◆ **Your assignment**
For the data below, work out the number of lines containing the string "Accel" and answer with that number only.

START Dataset records

(* Fix $\eta>0$ and let $(\lambda^{(k)})_{k\ge0}$ be the iterates of the Accel-EMP procedure (with $\lambda^{(0)}=0$). Then for every $k\ge0$, $$\mathbb{E}\big[L(\lambda^{(k)})\big]-\inf_{\lambda}L(\lambda)\ \le\ \frac{G(\eta)^2}{(k+2)^2},\qquad G(\eta):=24md(m+n)\Big(\sqrt\eta\,\|C\|_\infty+\frac{\log d}{\sqrt\eta}\Big).$$
   Context: Let $G=(V,E)$ be a finite undirected graph with $n=|V|$, $m=|E|$, every vertex incident to at least one edge; $N_i=\{e\in E:i\in e\}$. $\chi$ is a finite label set with $d=|\chi|\ge2$. Costs $C_i\in\mathbb{R}^\chi$, $C_e\in\mathbb{R}^{\chi^2}$; $\|C\|_\infty$ is the largest absolute entry; for $e=\{i,j\}$, $x_e=(x_i,x_j)$, $(x_e)_i=x_i$. Dual variables $\lambda\in\mathbb{R}^{2md}$ with blocks $\lambda_{e,i}\in\mathbb{R}^\chi$, and $$L(\lambda)=\frac1\eta\sum_{i\in V}\log\sum_{x\in\chi}\exp\Big(-\eta C_i(x)+\eta\sum_{e\in N_i}\lambda_{e,i}(x)\Big)+\frac1\eta\sum_{e\in E}\log\sum_{x_e\in\chi^2}\exp\Big(-\eta C_e(x_e)-\eta\sum_{i\in e}\lambda_{e,i}((x_e)_i)\Big).$$ $\mu^\lambda_i$, $\mu^\lambda_e$ are the normalized distributions proportional to the exponentials inside the two sums; $S^\lambda_{e,i}(x)=\sum_{x_e:(x_e)_i=x}\mu^\lambda_e(x_e)$; slack $\nu^\lambda_{e,i}=S^\lambda_{e,i}-\mu^\lambda_i$. Accel-EMP: $\lambda^{(0)}=v^{(0)}=0$, $\theta_{-1}=1$; for $k\ge0$: $\theta_k=\frac{-\theta_{k-1}^2+\sqrt{\theta_{k-1}^4+4\theta_{k-1}^2}}{2}$; $y^{(k)}=\theta_kv^{(k)}+(1-\theta_k)\lambda^{(k)}$; sample $(e_k,i_k)$ independently and uniformly from $\{(e,i):e\in E,i\in e\}$; $\lambda^{(k+1)}$ equals $y^{(k)}$ except block $(e_k,i_k)$ is set to $y^{(k)}_{e_k,i_k}(x)+\frac{1}{2\eta}\log(S^{y^{(k)}}_{e_k,i_k}(x)/\mu^{y^{(k)}}_{i_k}(x))$; $v^{(k+1)}$ equals $v^{(k)}$ except $v^{(k+1)}_{e_k,i_k}=v^{(k)}_{e_k,i_k}+\frac{1}{4m\eta\theta_k}\nu^{y^{(k)}}_{e_k,i_k}$. *)

theory Defs
  imports "HOL-Analysis.Analysis"
begin

(* Graph: vertex set V ('v set), edges E (2-element subsets of V).  An edge configuration x_e in chi^2 for e = {i,j}
   is a map assigning a label to each endpoint, i.e. an element of PiE e (\<lambda>_. X);
   (x_e)_i = x_e i.
   Dual variables lam e i x  (block lambda_{e,i} evaluated at label x). *)

type_synonym ('v,'x) dual = "'v set \<Rightarrow> 'v \<Rightarrow> 'x \<Rightarrow> real"

definition edge_configs :: "'x set \<Rightarrow> 'v set \<Rightarrow> ('v \<Rightarrow> 'x) set" where
  "edge_configs X e = PiE e (\<lambda>_. X)"

definition nbhd :: "'v set set \<Rightarrow> 'v \<Rightarrow> 'v set set" where
  "nbhd E i = {e \<in> E. i \<in> e}"

definition vexp :: "'v set set \<Rightarrow> ('v \<Rightarrow> 'x \<Rightarrow> real) \<Rightarrow> real \<Rightarrow> ('v,'x) dual \<Rightarrow> 'v \<Rightarrow> 'x \<Rightarrow> real" where
  "vexp E Cv eta lam i x = exp (- eta * Cv i x + eta * (\<Sum>e\<in>nbhd E i. lam e i x))"

definition eexp :: "('v set \<Rightarrow> ('v \<Rightarrow> 'x) \<Rightarrow> real) \<Rightarrow> real \<Rightarrow> ('v,'x) dual \<Rightarrow> 'v set \<Rightarrow> ('v \<Rightarrow> 'x) \<Rightarrow> real" where
  "eexp Ce eta lam e xe = exp (- eta * Ce e xe - eta * (\<Sum>i\<in>e. lam e i (xe i)))"

definition Lfun :: "'v set \<Rightarrow> 'v set set \<Rightarrow> 'x set \<Rightarrow> ('v \<Rightarrow> 'x \<Rightarrow> real) \<Rightarrow>
    ('v set \<Rightarrow> ('v \<Rightarrow> 'x) \<Rightarrow> real) \<Rightarrow> real \<Rightarrow> ('v,'x) dual \<Rightarrow> real" where
  "Lfun V E X Cv Ce eta lam =
     (1/eta) * (\<Sum>i\<in>V. ln (\<Sum>x\<in>X. vexp E Cv eta lam i x))
   + (1/eta) * (\<Sum>e\<in>E. ln (\<Sum>xe\<in>edge_configs X e. eexp Ce eta lam e xe))"

definition mu_v :: "'v set set \<Rightarrow> 'x set \<Rightarrow> ('v \<Rightarrow> 'x \<Rightarrow> real) \<Rightarrow> real \<Rightarrow> ('v,'x) dual \<Rightarrow> 'v \<Rightarrow> 'x \<Rightarrow> real" where
  "mu_v E X Cv eta lam i x = vexp E Cv eta lam i x / (\<Sum>y\<in>X. vexp E Cv eta lam i y)"

definition mu_e :: "'x set \<Rightarrow> ('v set \<Rightarrow> ('v \<Rightarrow> 'x) \<Rightarrow> real) \<Rightarrow> real \<Rightarrow> ('v,'x) dual \<Rightarrow> 'v set \<Rightarrow> ('v \<Rightarrow> 'x) \<Rightarrow> real" where
  "mu_e X Ce eta lam e xe = eexp Ce eta lam e xe / (\<Sum>ye\<in>edge_configs X e. eexp Ce eta lam e ye)"

definition Smarg :: "'x set \<Rightarrow> ('v set \<Rightarrow> ('v \<Rightarrow> 'x) \<Rightarrow> real) \<Rightarrow> real \<Rightarrow> ('v,'x) dual \<Rightarrow> 'v set \<Rightarrow> 'v \<Rightarrow> 'x \<Rightarrow> real" where
  "Smarg X Ce eta lam e i x = (\<Sum>xe\<in>{xe \<in> edge_configs X e. xe i = x}. mu_e X Ce eta lam e xe)"

(* theta_seq k = theta_{k-1};  theta_seq 0 = theta_{-1} = 1 *)
fun theta_seq :: "nat \<Rightarrow> real" where
  "theta_seq 0 = 1"
| "theta_seq (Suc k) = (sqrt ((theta_seq k) ^ 4 + 4 * (theta_seq k) ^ 2) - (theta_seq k) ^ 2) / 2"
(* Let $S=\{x_1,\ldots,x_n\}$ be a factor-closed set of $n$ distinct positive integers. Let $m\ge1$, $\boldsymbol k=(k_1,\ldots,k_m)\in\mathbb{N}^m$, $|\boldsymbol k|:=k_1+\cdots+k_m$, and let $F(\boldsymbol r;\boldsymbol n_1,\ldots,\boldsymbol n_m)$ be even $\pmod{\boldsymbol r^{(\boldsymbol k)}}$. Define the $(m+|\boldsymbol k|)$-dimensional matrix $B$ of order $n$ by \[ B(i_1,\ldots,i_{m+|\boldsymbol k|}):=F\bigl(x_{i_1},\ldots,x_{i_m};\,\underbrace{x_{i_{m+1}},\ldots,x_{i_{m+k_1}}}_{k_1},\ldots,\underbrace{x_{i_{m+k_1+\cdots+k_{m-1}+1}},\ldots,x_{i_{m+|\boldsymbol k|}}}_{k_m}\bigr). \] Let $I\subseteq\{1,\ldots,m+|\boldsymbol k|\}$ have even cardinality and satisfy $\{m+1,\ldots,m+|\boldsymbol k|\}\subseteq I$; put $\varepsilon_j=1$ if $j\in I$ and $0$ otherwise, and let $\widetilde I:=\{j\in\{1,\ldots,m\}:\varepsilon_j+k_j\text{ is odd}\}$. Then \[ \det_IB=(x_1\cdots x_n)^{|\boldsymbol k|}\,\det_{\widetilde I}\Bigl(\alpha_{(x_{i_1},\ldots,x_{i_m})}\bigl(\underbrace{x_{i_1},\ldots,x_{i_1}}_{k_1},\ldots,\underbrace{x_{i_m},\ldots,x_{i_m}}_{k_m}\bigr)\Bigr)_{1\le i_1,\ldots,i_m\le n}. \]
   Context: A set $S$ of positive integers is factor-closed if every positive divisor of every element of $S$ lies in $S$. $c(k,n):=\sum_{d\mid\gcd(k,n)}\mu(k/d)\,d$ is the Ramanujan sum. For $\boldsymbol r=(r_1,\ldots,r_m)\in\mathbb{N}^m$, variables are grouped as $\boldsymbol n_j\in\mathbb{N}^{k_j}$; for $\boldsymbol n=(n_1,\ldots,n_t)\in\mathbb{N}^t$ and $r\in\mathbb{N}$ write $\gcd(\boldsymbol n,r):=(\gcd(n_1,r),\ldots,\gcd(n_t,r))$, write $\boldsymbol n\mid r$ if $n_i\mid r$ for all $i$, and then $r/\boldsymbol n:=(r/n_1,\ldots,r/n_t)$; for $\boldsymbol a,\boldsymbol b\in\mathbb{N}^t$, $c(\boldsymbol a,\boldsymbol b):=\prod_{i=1}^tc(a_i,b_i)$. A family of functions $F(\boldsymbol r;\boldsymbol n_1,\ldots,\boldsymbol n_m)\in\mathbb{C}$, indexed by $\boldsymbol r\in\mathbb{N}^m$, of the $|\boldsymbol k|$ variables $\boldsymbol n_j\in\mathbb{N}^{k_j}$, is even $\pmod{\boldsymbol r^{(\boldsymbol k)}}$ if $F(\boldsymbol r;\gcd(\boldsymbol n_1,r_1),\ldots,\gcd(\boldsymbol n_m,r_m))=F(\boldsymbol r;\boldsymbol n_1,\ldots,\boldsymbol n_m)$ for all $\boldsymbol r$ and all arguments. Its finite Fourier coefficients are, for $\boldsymbol d_j\in\mathbb{N}^{k_j}$ with $\boldsymbol d_j\mid r_j$, \[ \alpha_{\boldsymbol r}(\boldsymbol d_1,\ldots,\boldsymbol d_m):=\frac{1}{r_1^{k_1}\cdots r_m^{k_m}}\sum_{\substack{\boldsymbol\delta_j\in\mathbb{N}^{k_j},\ \boldsymbol\delta_j\mid r_j\\ (j=1,\ldots,m)}}F(\boldsymbol r;\boldsymbol\delta_1,\ldots,\boldsymbol\delta_m)\prod_{j=1}^mc\Bigl(\frac{r_j}{\boldsymbol\delta_j},\frac{r_j}{\boldsymbol d_j}\Bigr). \] Hyperdeterminant: for a $K$-dimensional matrix $A$ of order $n$ and $J\subseteq\{1,\ldots,K\}$, with $\eta_j=1$ if $j\in J$ and $0$ otherwise, $\det_JA:=\frac{1}{n!}\sum_{\sigma_1,\ldots,\sigma_K\in\mathfrak{S}_n}\prod_{j=1}^K\mathrm{sgn}(\sigma_j)^{\eta_j}\prod_{v=1}^nA(\sigma_1(v),\ldots,\sigma_K(v))$, where $\mathfrak{S}_n$ is the symmetric group on $\{1,\ldots,n\}$. *)

theory Defs
  imports "HOL-Analysis.Analysis" "HOL-Combinatorics.Permutations"
    "HOL-Computational_Algebra.Squarefree"
begin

END Dataset records

◆ **Result of the exercise**
2